The Bar Council has warned the Legal Services Board against implementing alternative business structures in one “big bang” in 2011.

The Bar said it favoured a “more gradualist” approach, which would leave the introduction of firms offering a range of services, some of them non-legal, until a later date.

In response to the LSB’s consultation on alternative structures, a Bar Council working group welcomed liberalisation in principle, while expressing caution on the consequences.

“Market liberalisation (with a view to promoting access to legal services) may run counter to ‘access to justice’ if it results in the reduction in rural or local law firms or in the numbers of self-employed barristers,” the group said.
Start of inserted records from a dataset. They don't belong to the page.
theorem theorem8p5:
  fixes m k :: nat
  assumes "1 \<le> m"
  shows "(\<exists>L. Lstar_fun m k L) \<and>
    (\<forall>L. Lstar_fun m k L \<longrightarrow>
       (\<forall>\<gamma>. Z0_loop \<gamma> \<longrightarrow> monodromy_is \<gamma> (m + 1) (Bvec m k L) rho0) \<and>
       (\<forall>\<gamma>. Z1_loop \<gamma> \<longrightarrow> monodromy_is \<gamma> (m + 1) (Bvec m k L) rho1)) \<and>
    (\<exists>U. unipotent_subgroup (m + 1) U \<and> rho0 \<in> U \<and> rho1 \<in> U)"
proof -
  obtain G \<Phi> where hG: "G holomorphic_on - ray_ge1" and sG: "\<forall>z\<in>ball 0 1. G z = polylog m z"
    and hP: "\<Phi> holomorphic_on - ray_down"
    and eP: "\<forall>z\<in>- ray_ge1 - ray_down. \<Phi> z = G z + polylog_jump m z * Ln (1 - z)"
    using polylog_continuations[OF assms] by blast
  have Lstar: "Lstar_fun m k (Lstar_of m k G)"
    using hG sG by (rule Lstar_fun_Lstar_of)
  have "(\<forall>\<gamma>. Z0_loop \<gamma> \<longrightarrow> monodromy_is \<gamma> (m + 1) (Bvec m k L) rho0) \<and>
      (\<forall>\<gamma>. Z1_loop \<gamma> \<longrightarrow> monodromy_is \<gamma> (m + 1) (Bvec m k L) rho1)" if "Lstar_fun m k L" for L
  proof -
    have "\<forall>z\<in>Omega. L z = Lstar_of m k G z" using Lstar_fun_unique[OF that Lstar] by blast
    then show ?thesis using monodromy_Z0[OF hG] monodromy_Z1[OF assms hP eP] by blast
  qed
  with Lstar show ?thesis
    using unipotent_subgroup_unitriangular rho0_unitriangular rho1_unitriangular by blast
qed

end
“Market liberalisation may also run counter to the further regulatory objective of promoting and maintaining adherence to professional principles (section 1(1)(h)) of the Legal Services Act) if it compromises the quality of legal services because of economic incentives for achieving greater output at lower prices.
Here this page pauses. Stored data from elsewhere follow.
lemma has_sum_prod_PiE_by_fibres:
  fixes b :: "'a \<Rightarrow> 'b::countable \<Rightarrow> 'c::{real_normed_field,banach,second_countable_topology}"
    and w :: "('a \<Rightarrow> 'b) \<Rightarrow> 'd"
  assumes "finite A" and abs_summable: "\<And>j. j \<in> A \<Longrightarrow> (\<lambda>x. norm (b j x)) summable_on B j"
    and "w ` PiE A B \<subseteq> C"
  shows "((\<lambda>n. \<Sum>\<^sub>\<infinity>k\<in>{k \<in> PiE A B. w k = n}. \<Prod>j\<in>A. b j (k j))
           has_sum (\<Prod>j\<in>A. infsum (b j) (B j))) C"
proof -
  define H where "H k = (\<Prod>j\<in>A. b j (k j))" for k
  have "Infinite_Set_Sum.abs_summable_on H (PiE A B)"
    unfolding H_def using assms(1) abs_summable
    by (intro abs_summable_on_prod_PiE) (auto simp: abs_summable_equivalent[symmetric])
  then have "H summable_on PiE A B"
    by (simp add: abs_summable_equivalent[symmetric] abs_summable_summable)
  moreover have "infsum H (PiE A B) = (\<Prod>j\<in>A. infsum (b j) (B j))"
    unfolding H_def using assms(1) abs_summable by (rule infsum_prod_PiE_abs)
  ultimately have "(H has_sum (\<Prod>j\<in>A. infsum (b j) (B j))) (PiE A B)"
    by (metis has_sum_infsum)
  also have "?this \<longleftrightarrow> ((\<lambda>(n, k). H k) has_sum (\<Prod>j\<in>A. infsum (b j) (B j)))
      (Sigma C (\<lambda>n. {k \<in> PiE A B. w k = n}))"
    using assms(3) by (intro has_sum_reindex_bij_witness[where i = snd and j = "\<lambda>k. (w k, k)"]) auto
  finally have sum_Sigma: "((\<lambda>(n, k). H k) has_sum (\<Prod>j\<in>A. infsum (b j) (B j)))
      (Sigma C (\<lambda>n. {k \<in> PiE A B. w k = n}))" .
  have fibre: "(H has_sum infsum H {k \<in> PiE A B. w k = n}) {k \<in> PiE A B. w k = n}" for n
    by (rule has_sum_infsum, rule summable_on_subset_banach[OF \<open>H summable_on PiE A B\<close>]) auto
  have "((\<lambda>n. infsum H {k \<in> PiE A B. w k = n}) has_sum (\<Prod>j\<in>A. infsum (b j) (B j))) C"
    using sum_Sigma by (rule has_sum_SigmaD) (simp add: fibre)
  then show ?thesis
    unfolding H_def .
qed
“Those professional principles include acting with independence and integrity (section 1(3)(a)), maintaining proper standards of work (section 1(3)(b)) and acting in the best interests of the lawyer’s clients (section 1(3)(c)).”

The working group said it was clear from the LSB paper that promotion of access to legal services might be at the expense of access to justice.

It accused the LSB of prioritising “competition and market liberalisation over access to justice, notwithstanding recent failures of liberalised markets”.

The Bar concluded that the current timetable for the introduction of the ABS was “too tight” and that regulators needed to time consider the successes and problems brought about by the introduction of LDPs.

“In particular, the working group considers that any initial regime for ABS should exclude multi-disciplinary practices in the first place.”

The working party said different problems were raised by MDPs as opposed to LDPs with non-legal management or non-legal ownership.

Russell Wallman, director of government relations at the Law Society, said the society would try and be ready for “big bang” implementation in 2011, but could not guarantee it.

“We don’t know what issues will be thrown up,” he said. “Sorting out LDPs took us longer than we thought and that was much more straightforward.”